Editor’s Note: In this series of articles, we include important or interesting Tweets, Articles, Video Clips with our comments. This is an article that expresses our personal opinions about comments made on Television, Tweeter, and in Print. It is NOT intended to provide any investment advice of any type whatsoever. No one should base any investing decisions or conclusions based on anything written in or inferred from this article. Macro Viewpoints & its affiliates expressly disclaim all liability in respect to actions taken based on any or all of the information in this article. Investing is a serious matter and all investment decisions should only be taken after a detailed discussion with your investment advisor and should be subject to your objectives, suitability requirements and risk tolerance.
1.Key 5-minutes of last week
Before those key 5-minutes was a “first time” event as Carley Garner of DeCarley Trading said on Bloomberg Markets on August 8, 24 at about 12:05 pm (minute 4:30 to minute 11:55):
- “I have been doing this for a very very long time & today is the first time I witnessed a Weekly Jobless Claims rally; this is really unbelievable price action; I would like to point out again we are extremely complacent here; I have heard a lot more chatter about market being at the bottom than at the top; if you look at the monthly chart, you can make a case we are closer to a top than a bottom; ….”

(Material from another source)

(* Let $b\geq2$, $n\geq2$, $\alpha_1,\dots,\alpha_n>0$, $y_1=0$ and let $y_2,\dots,y_n\in[0,1)$ be $b$-adic rational numbers. Then the multivariate multifractal Legendre spectrum, based on second-order oscillations, of $L_{\alpha_1}^{b,-y_1},\dots,L_{\alpha_n}^{b,-y_n}$ is $$\mathcal{L}(H_1,\dots,H_n)=\begin{cases}\frac{H_1}{\alpha_1}, & \text{if } (H_1,\dots,H_n)\in[0,\alpha_1]\times\cdots\times[0,\alpha_n] \text{ and } H_i=\frac{\alpha_i}{\alpha_1}H_1 \text{ for all } 2\le i\le n,\\ -\infty, & \text{otherwise.}\end{cases}$$
   Context: Fix an integer $b\geq 2$. The saw-tooth function is $\{x\}=x-\lfloor x\rfloor-\frac12$ if $x\notin\mathbb{Z}$ and $\{x\}=0$ if $x\in\mathbb{Z}$. For $\alpha>0$ the Lévy function is $L_\alpha^b(x)=\sum_{i\geq1}\{b^ix\}\,b^{-\alpha i}$, and for $y\in\mathbb{R}$ the shifted Lévy function is $L_\alpha^{b,y}(x)=L_\alpha^b(x-y)$ (so $L_\alpha^{b,-y}(x)=L_\alpha^b(x+y)$). $b$-adic grid: for $j\in\mathbb{N}$, $k\in\mathbb{Z}$, $\lambda=\lambda(j,k)=[kb^{-j},(k+1)b^{-j})$ and $3\lambda=[(k-1)b^{-j},(k+2)b^{-j})$. $\Lambda_j$ denotes the set of the $b^j$ such intervals of width $b^{-j}$ contained in $[0,1)$. Second-order difference: $\Delta_f^2(x,h)=f(x+2h)-2f(x+h)+f(x)$. The oscillation of $f$ on $3\lambda$ is $d_\lambda(f)=\sup\{|\Delta_f^2(x,h)|:\ x,\,x+2h\in3\lambda\}$. For functions $f_1,\dots,f_d$ with $d_\lambda^{(i)}=d_\lambda(f_i)$: structure function $S(r,j)=b^{-j}\sum_{\lambda\in\Lambda_j}\prod_{i=1}^d (d_\lambda^{(i)})^{r_i}$ for $r\in\mathbb{R}^d$; scaling function $\zeta(r)=\liminf_{j\to\infty}\frac{\log S(r,j)}{\log b^{-j}}$; multivariate multifractal Legendre spectrum $\mathcal{L}_{f_1,\dots,f_d}(H)=\inf_{r\in\mathbb{R}^d}\big(1-\zeta(r)+H\cdot r\big)$ for $H\in\mathbb{R}^d$ (value $-\infty$ allowed). *)

theory Defs
  imports "HOL-Analysis.Analysis"
begin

She is correct about the rally at 8:30 am on Thursday but, as Bloomberg Surveillance team might point out, weekly jobless claims have become a sort of pre-market indicator for economic strength-weakness. So we have seen a few up moves based on a surprisingly up jobless claims number.

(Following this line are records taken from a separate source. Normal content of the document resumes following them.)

(* Fix an integer $N\ge 1$. For real $\mu$, let $\ell^2_\mu\subset\mathbb{C}^\infty$ be the space of sequences $\mathbf u=(u_0,u_1,\dots)$ with norm $\|\mathbf u\|_{\ell^2_\mu}=\bigl(\sum_{k\ge0}|u_k|^2(k+1)^{2\mu}\bigr)^{1/2}<\infty$. Let $\mathcal L$ be the operator on Chebyshev coefficient sequences $$\mathcal L=\mathcal D_N+\sum_{\lambda=1}^{N-1}\mathcal S_{N-1}\cdots\mathcal S_\lambda\,\mathcal M_\lambda[a^\lambda]\,\mathcal D_\lambda+\mathcal S_{N-1}\cdots\mathcal S_0\,\mathcal M_0[a^0],$$ representing the $N$th order differential operator $u\mapsto u^{(N)}+\sum_{\lambda=0}^{N-1}a^\lambda(x)u^{(\lambda)}$ on $[-1,1]$ (leading coefficient $a^N\equiv1$), where the operators $\mathcal D_\lambda,\mathcal S_\lambda,\mathcal M_\lambda$ are as defined in the context. Let $\mathcal B$ be a linear operator from sequences to $\mathbb{C}^N$ (representing exactly $N$ boundary conditions in terms of Chebyshev coefficients), and let $D$ be an integer such that $\mathcal B:\ell^2_D\to\mathbb{C}^N$ is bounded. Let $$\mathcal R=\frac{1}{2^{N-1}(N-1)!}\,\mathrm{diag}\Bigl(\underbrace{1,\dots,1}_{N\text{ times}},\tfrac1N,\tfrac1{N+1},\tfrac1{N+2},\dots\Bigr).$$ Then $$\begin{pmatrix}\mathcal B\\ \mathcal L\end{pmatrix}\mathcal R=I+\mathcal K,$$ where $\mathcal K:\ell^2_\lambda\to\ell^2_\lambda$ is compact for every $\lambda\in\{D-1,D,D+1,\dots\}$.
   Context: Chebyshev polynomials are $T_k(x)=\cos(k\arccos x)$. For integers $\lambda\ge1$, the ultraspherical polynomials $C^{(\lambda)}_k$ are orthogonal on $[-1,1]$ with respect to the weight $(1-x^2)^{\lambda-1/2}$, normalized so that $C^{(\lambda)}_k(x)=\frac{2^k(\lambda)_k}{k!}x^k+O(x^{k-1})$ with $(\lambda)_k=\frac{(\lambda+k-1)!}{(\lambda-1)!}$; set $C^{(0)}_k:=T_k$ for convenience. All operators act on coefficient sequences indexed from $0$. The differentiation operator $\mathcal D_\lambda$ ($\lambda\ge1$) maps Chebyshev coefficients of $u$ to $C^{(\lambda)}$ coefficients of $u^{(\lambda)}$: $(\mathcal D_\lambda\mathbf u)_j=2^{\lambda-1}(\lambda-1)!\,(j+\lambda)\,u_{j+\lambda}$. The conversion operator $\mathcal S_0$ maps Chebyshev coefficients to $C^{(1)}$ coefficients: $(\mathcal S_0\mathbf u)_0=u_0-\tfrac12u_2$, $(\mathcal S_0\mathbf u)_j=\tfrac12(u_j-u_{j+2})$ for $j\ge1$. For $\lambda\ge1$, $\mathcal S_\lambda$ maps $C^{(\lambda)}$ coefficients to $C^{(\lambda+1)}$ coefficients: $(\mathcal S_\lambda\mathbf v)_j=\frac{\lambda}{\lambda+j}v_j-\frac{\lambda}{\lambda+j+2}v_{j+2}$. For a function $a$, $\mathcal M_\lambda[a]$ ($\lambda\ge0$) is the operator mapping the $C^{(\lambda)}$ coefficients of a function $v$ to the $C^{(\lambda)}$ coefficients of the product $a v$. $\begin{pmatrix}\mathcal B\\ \mathcal L\end{pmatrix}$ denotes the operator whose output is the $N$ entries of $\mathcal B\mathbf u$ followed by the sequence $\mathcal L\mathbf u$. Standing assumption: the coefficient functions $a^0,\dots,a^{N-1}$ are sufficiently smooth (in practice replaced by finite truncated expansions) so that each $\mathcal M_\lambda[a^\lambda]$ is a bounded operator on every $\ell^2_\mu$. *)

theory Defs
  imports "HOL-Analysis.Analysis" "HOL-Computational_Algebra.Polynomial"
begin

type_synonym cseq = "nat \<Rightarrow> complex"

definition in_l2 :: "real \<Rightarrow> cseq \<Rightarrow> bool" where
  "in_l2 mu u \<longleftrightarrow> summable (\<lambda>k. (cmod (u k))^2 * (real k + 1) powr (2 * mu))"

definition l2norm :: "real \<Rightarrow> cseq \<Rightarrow> real" where
  "l2norm mu u = sqrt (\<Sum>k. (cmod (u k))^2 * (real k + 1) powr (2 * mu))"

definition cheb :: "nat \<Rightarrow> real poly" where
  "cheb k = (THE p. \<forall>x\<in>{-1..1}. poly p x = cos (real k * arccos x))"

definition ultra_cond :: "nat \<Rightarrow> nat \<Rightarrow> real poly \<Rightarrow> bool" where
  "ultra_cond lam k p \<longleftrightarrow>
     degree p = k \<and> coeff p k = 2 ^ k * pochhammer (real lam) k / fact k \<and>
     (\<forall>q :: real poly. degree q < k \<longrightarrow>
        integral {-1..1} (\<lambda>x. poly p x * poly q x * (1 - x^2) powr (real lam - 1/2)) = 0)"

definition ultra :: "nat \<Rightarrow> nat \<Rightarrow> real poly" where
  "ultra lam k = (if lam = 0 then cheb k else (THE p. ultra_cond lam k p))"

definition ultraC :: "nat \<Rightarrow> nat \<Rightarrow> complex poly" where
  "ultraC lam k = map_poly complex_of_real (ultra lam k)"

definition gcoef :: "nat \<Rightarrow> complex poly \<Rightarrow> nat \<Rightarrow> complex" where
  "gcoef lam p = (THE c. (\<forall>i > degree p. c i = 0) \<and>
                          p = (\<Sum>i\<le>degree p. smult (c i) (ultraC lam i)))"

definition Dop :: "nat \<Rightarrow> cseq \<Rightarrow> cseq" where
  "Dop lam u j = of_real (2 ^ (lam - 1) * fact (lam - 1) * real (j + lam)) * u (j + lam)"

definition Sop :: "nat \<Rightarrow> cseq \<Rightarrow> cseq" where
  "Sop lam v j =
     (if lam = 0 then
        (if j = 0 then v 0 - v 2 / 2 else (v j - v (j + 2)) / 2)
      else of_real (real lam / real (lam + j)) * v j
           - of_real (real lam / real (lam + j + 2)) * v (j + 2))"

text \<open>Schain lo n = S_(lo+n-1) o ... o S_lo  (identity for n = 0).\<close>
fun Schain :: "nat \<Rightarrow> nat \<Rightarrow> cseq \<Rightarrow> cseq" where
  "Schain lo 0 = id"
| "Schain lo (Suc n) = Sop (lo + n) \<circ> Schain lo n"

text \<open>Multiplication operator M_lam[a]: C^(lam) coefficients of v to those of a*v.\<close>
definition Mop :: "nat \<Rightarrow> complex poly \<Rightarrow> cseq \<Rightarrow> cseq" where
  "Mop lam a v j = (\<Sum>k. gcoef lam (a * ultraC lam k) j * v k)"

definition Lop :: "nat \<Rightarrow> (nat \<Rightarrow> complex poly) \<Rightarrow> cseq \<Rightarrow> cseq" where
  "Lop N a u j =
     Dop N u j
     + (\<Sum>lam\<in>{1..N-1}. Schain lam (N - lam) (Mop lam (a lam) (Dop lam u)) j)
     + Schain 0 N (Mop 0 (a 0) u) j"

definition blockop :: "nat \<Rightarrow> (cseq \<Rightarrow> cseq) \<Rightarrow> (cseq \<Rightarrow> cseq) \<Rightarrow> cseq \<Rightarrow> cseq" where
  "blockop N B L u j = (if j < N then B u j else L u (j - N))"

- PS: The work of Ms. Carley Garner was featured by Jim Cramer the week before in one of his Off-the-Charts segments on Mad Money. Obviously, CNBC webmasters did not feature it on CNBC.com. In this context, a suggestion to Bloomberg Markets & to Bloomberg TV – Invite the technician featured by Jim Cramer on CNBC Mad Money a couple of days afterwards on Bloomberg TV as Bloomberg Markets invited Carley Garner this week. It would be a smart play by Bloomberg & viewers can benefit despite CNBC’s blockage .

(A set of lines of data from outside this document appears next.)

(* Let $d\ge 2$. Let $\rho_T$ be a density matrix on $\mathbb{C}^2$ with eigenvalues, sorted in decreasing order, $\{\alpha, 1-\alpha\}$, and let $\rho_A$ be a density matrix on $\mathbb{C}^d$ with eigenvalues, sorted in decreasing order, $\beta_1 \ge \beta_2 \ge \dots \ge \beta_d$. Let $U$ be any unitary on $\mathbb{C}^2\otimes\mathbb{C}^d$, and let $\rho_T^{out} = \mathrm{Tr}_A\!\left(U(\rho_T\otimes\rho_A)U^\dagger\right)$ have eigenvalues, sorted in decreasing order, $\{\alpha^{out}, 1-\alpha^{out}\}$. Then $$\alpha^{out} \le \max\left(\alpha, \frac{\beta_1}{\beta_1+\beta_d}\right).$$
   Context: $\mathrm{Tr}_A$ denotes the partial trace over the auxiliary factor $\mathbb{C}^d$; the factor $\mathbb{C}^2$ is the target qubit. *)

theory Defs
  imports "Jordan_Normal_Form.Matrix" "Jordan_Normal_Form.Char_Poly"
begin

definition adj :: "complex mat \<Rightarrow> complex mat" where
  "adj A = mat (dim_col A) (dim_row A) (\<lambda>(i,j). cnj (A $$ (j,i)))"

definition unitary_mat :: "nat \<Rightarrow> complex mat \<Rightarrow> bool" where
  "unitary_mat n U \<longleftrightarrow> U \<in> carrier_mat n n \<and> U * adj U = 1\<^sub>m n \<and> adj U * U = 1\<^sub>m n"

definition density_mat :: "nat \<Rightarrow> complex mat \<Rightarrow> bool" where
  "density_mat n A \<longleftrightarrow> A \<in> carrier_mat n n \<and> adj A = A \<and>
     (\<forall>v \<in> carrier_vec n. 0 \<le> Re (conjugate v \<bullet> (A *\<^sub>v v))) \<and> (\<Sum>i<n. A $$ (i,i)) = 1"

definition sorted_eigenvalues :: "nat \<Rightarrow> complex mat \<Rightarrow> (nat \<Rightarrow> real) \<Rightarrow> bool" where
  "sorted_eigenvalues n A lam \<longleftrightarrow>
     char_poly A = (\<Prod>i<n. [:- complex_of_real (lam i), 1:]) \<and>
     (\<forall>i j. i \<le> j \<longrightarrow> j < n \<longrightarrow> lam j \<le> lam i)"

text \<open>Kronecker product on C^m \<otimes> C^n, basis index (i,j) \<mapsto> i*n + j.\<close>
definition kron :: "nat \<Rightarrow> nat \<Rightarrow> complex mat \<Rightarrow> complex mat \<Rightarrow> complex mat" where
  "kron m n A B = mat (m*n) (m*n) (\<lambda>(r,c). A $$ (r div n, c div n) * B $$ (r mod n, c mod n))"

Getting back to Ms. Garner, we would also like to gently & respectfully point out that it is kinda gutsy to speak so boldly ahead of a Treasury auction at 1 pm, especially a 30-Year Treasury auction. As CNBC’s Kelly Evans pointed out just after 1pm on Thursday that it was an awful auction. Rick Santelli came on & emphasized that (omitted by CNBC webmasters as usual).
Instantly, the 30-year Treasury yield went up & S&P fell. Then voila!!! Just a minute or two later the big reversal. Look at the 1-minute interval of Thursday’s SPX vs TYX (30-yr yld) to see what a bababa-boom moment that was:
Seriously folks, this stunning & big reversal in 30-yr yield & SPX happened from 1:00 pm (auction) to 1:05 pm. When we first did this chart with a 5-minute interval, we couldn’t see it. But look at the above 1-minute chart again & see how fast & big the reversal was.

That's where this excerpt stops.